Bordetella avium Virulence Measured In Vivo and In Vitro

Louise M. Temple,1 Alison A. Weiss,2,dagger Kimberly E. Walker,2,Dagger H. John Barnes,3,4 Vern L. Christensen,5 David M. Miyamoto,1 Celia B. Shelton,4 and Paul E. Orndorff4,*

Department of Biology, Drew University, Madison, New Jersey 079401; Department of Microbiology and Immunology, Medical College of Virginia, Richmond, Virginia 232982; and Department of Food Animal and Equine Medicine,3 Department of Poultry Science,5 and Department of Microbiology, Pathology, and Parasitology, College of Veterinary Medicine,4 North Carolina State University, Raleigh, North Carolina 27606

Received 23 April 1998/Returned for modification 4 June 1998/Accepted 24 August 1998

Bordetella avium causes an upper-respiratory-tract disease called bordetellosis in birds. Bordetellosis shares many of the clinical and histopathological features of disease caused in mammals by Bordetella pertussis and Bordetella bronchiseptica. In this study we determined several parameters of infection in the domestic turkey, Meleagris galapavo, and compared these in vivo findings with an in vitro measure of adherence using turkey tracheal rings. In the in vivo experiments, we determined the effects of age, group size, infection duration, and interindividual spread of B. avium. Also, the effect of host genetic background on susceptibility was tested in the five major commercial turkey lines by infecting each with the parental B. avium strain and three B. avium insertion mutants. The mutant strains lacked either motility, the ability to agglutinate guinea pig erythrocytes, or the ability to produce dermonecrotic toxin. The susceptibilities of 1-day-old and 1-week-old turkeys to B. avium were the same, and challenge group size (5, 8, or 10 birds) had no effect upon the 50% infectious dose. Two weeks between inoculation and tracheal culture was optimal, since an avirulent mutant (unable to produce dermonecrotic toxin) persisted for a shorter time. Communicability of the B. avium parental strain between confined birds was modest, but a nonmotile mutant was less able to spread between birds. There were no host-associated differences in susceptibility to the parental strain and the three B. avium mutant strains just mentioned: in all turkey lines tested, the dermonecrotic toxin- and hemagglutination-negative mutants were avirulent whereas the nonmotile mutants showed no loss of virulence. Interestingly, the ability of a strain to cause disease in vivo correlated completely with its ability to adhere to ciliated tracheal cells in vitro.

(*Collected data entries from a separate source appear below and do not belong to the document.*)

lemma iota_action_pi: "\<iota> \<cdot> ((lam \<lhd> cb) \<cdot> (t \<rhd> \<pi>)) = (c \<rhd> lam) \<cdot> (\<psi> \<lhd> v)"
proof -
  have tip: "(t \<rhd> \<iota>) \<cdot> (t \<rhd> \<pi>) = t \<rhd> lift_idem c \<psi>"
    using arg_cong[OF iota_pi, of "wl C t"] by simp
  have "\<iota> \<cdot> ((lam \<lhd> cb) \<cdot> (t \<rhd> \<pi>)) = lift_idem c \<psi> \<cdot> ((c \<rhd> lam) \<cdot> ((\<psi> \<lhd> v) \<cdot> (t \<rhd> lift_idem c \<psi>)))"
    by (simp add: lam_cb vcomp_prefix2[OF iota_pi] tip)
  also have "\<dots> = (c \<rhd> lam) \<cdot> (\<psi> \<lhd> v)"
    by (simp add: lift_idem_absorb_inner[OF law] lift_idem_absorb_outer[OF law])
  finally show ?thesis .
qed

lemma iota_action: "\<iota> \<cdot> (lam \<lhd> cb) = (c \<rhd> lam) \<cdot> ((\<psi> \<lhd> v) \<cdot> (t \<rhd> \<iota>))"
proof -
  have "(c \<rhd> lam) \<cdot> ((\<psi> \<lhd> v) \<cdot> (t \<rhd> \<iota>)) = \<iota> \<cdot> ((lam \<lhd> cb) \<cdot> ((t \<rhd> \<pi>) \<cdot> (t \<rhd> \<iota>)))"
    by (simp add: vcomp_prefix3[OF iota_action_pi])
  then show ?thesis by (simp add: t_pi_iota)
qed

lemma mnd_1cell_psi2: "mnd_1cell (c \<odot> c) psi2" using mnd_1cell_comp[OF law law] .

lemma lift_idem2_cell[simp]: "cell2 (lift_idem (c \<odot> c) psi2)"
  "dom2 C (lift_idem (c \<odot> c) psi2) = c \<odot> c \<odot> v" "cod2 C (lift_idem (c \<odot> c) psi2) = c \<odot> c \<odot> v"
  using lift_idem_cell[OF mnd_1cell_psi2] by auto

lemma lam_cb2: "lam \<lhd> (cb \<odot> cb) = pi2 \<cdot> (((c \<odot> c) \<rhd> lam) \<cdot> ((psi2 \<lhd> v) \<cdot> (t \<rhd> iota2)))"
proof -
  have l2: "(c \<rhd> lam) \<lhd> cb = (c \<rhd> \<pi>) \<cdot> (((c \<odot> c) \<rhd> lam) \<cdot> (((c \<rhd> \<psi>) \<lhd> v) \<cdot> ((c \<odot> t) \<rhd> \<iota>)))"
    using arg_cong[OF lam_cb, of "wl C c"] by simp
  have n: "((c \<odot> t) \<rhd> \<iota>) \<cdot> (\<psi> \<lhd> (v \<odot> cb)) = (\<psi> \<lhd> (c \<odot> v)) \<cdot> ((t \<odot> c) \<rhd> \<iota>)"
    using whisker_exchange[of \<iota> \<psi>] by simp
  have "lam \<lhd> (cb \<odot> cb) = (lam \<lhd> cb) \<lhd> cb" by simp
  also have "\<dots> = (\<pi> \<cdot> ((c \<rhd> lam) \<cdot> ((\<psi> \<lhd> v) \<cdot> (t \<rhd> \<iota>)))) \<lhd> cb" by (simp only: lam_cb)
  also have "\<dots> = (\<pi> \<lhd> cb) \<cdot> (((c \<rhd> lam) \<lhd> cb) \<cdot> ((\<psi> \<lhd> (v \<odot> cb)) \<cdot> ((t \<rhd> \<iota>) \<lhd> cb)))" by simp
  also have "\<dots> = pi2 \<cdot> (((c \<odot> c) \<rhd> lam) \<cdot> ((psi2 \<lhd> v) \<cdot> (t \<rhd> iota2)))"
    by (simp add: l2 vcomp_prefix2[OF n])
  finally show ?thesis .
qed

lemma iota2_pi2: "iota2 \<cdot> pi2 = lift_idem (c \<odot> c) psi2"
proof -
  have ILc: "(c \<rhd> \<iota>) \<cdot> (((c \<rhd> lam) \<lhd> cb) \<cdot> ((c \<odot> t) \<rhd> \<pi>)) = ((c \<odot> c) \<rhd> lam) \<cdot> ((c \<rhd> \<psi>) \<lhd> v)"
    using arg_cong[OF iota_action_pi, of "wl C c"] by simp
  have n1: "(\<eta> \<lhd> (c \<odot> v \<odot> cb)) \<cdot> (c \<rhd> \<pi>) = ((t \<odot> c) \<rhd> \<pi>) \<cdot> (\<eta> \<lhd> (c \<odot> c \<odot> v))"
    using whisker_exchange[of "c \<rhd> \<pi>" \<eta>] by simp
  have n2: "(\<psi> \<lhd> (v \<odot> cb)) \<cdot> ((t \<odot> c) \<rhd> \<pi>) = ((c \<odot> t) \<rhd> \<pi>) \<cdot> (\<psi> \<lhd> (c \<odot> v))"
    using whisker_exchange[of \<pi> \<psi>] by simp
  have e: "(\<iota> \<lhd> cb) \<cdot> (\<pi> \<lhd> cb) = lift_idem c \<psi> \<lhd> cb" using arg_cong[OF iota_pi, of "\<lambda>x. x \<lhd> cb"] by simp
  have "iota2 \<cdot> pi2 = (c \<rhd> \<iota>) \<cdot> ((lift_idem c \<psi> \<lhd> cb) \<cdot> (c \<rhd> \<pi>))" by (simp add: vcomp_prefix2[OF e])
  also have "\<dots> = (c \<rhd> \<iota>) \<cdot> (((c \<rhd> lam) \<lhd> cb) \<cdot> ((\<psi> \<lhd> (v \<odot> cb)) \<cdot> ((\<eta> \<lhd> (c \<odot> v \<odot> cb)) \<cdot> (c \<rhd> \<pi>))))"
    unfolding lift_idem_def by simp
  also have "\<dots> = lift_idem (c \<odot> c) psi2"
    unfolding lift_idem_def by (simp add: n1 vcomp_prefix2[OF n2] vcomp_prefix3[OF ILc])
  finally show ?thesis .
qed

* Corresponding author. Mailing address: Department of Microbiology, Pathology, and Parasitology, North Carolina State University, College of Veterinary Medicine, Raleigh, NC 27606. Phone: (919) 829-4207. Fax: (919) 829-4455. E-mail: Paul_Orndorff{at}ncsu.edu.

dagger Present address: Department of Molecular Genetics, Biochemistry and Microbiology, University of Cincinnati, Cincinnati, OH 45267.

Dagger Present address: Center for Vaccine Development, Baltimore, MD 21201.


Infection and Immunity, November 1998, p. 5244-5251, Vol. 66, No. 11
0019-9567/98/$04.00+0
Copyright © 1998, American Society for Microbiology. All rights reserved.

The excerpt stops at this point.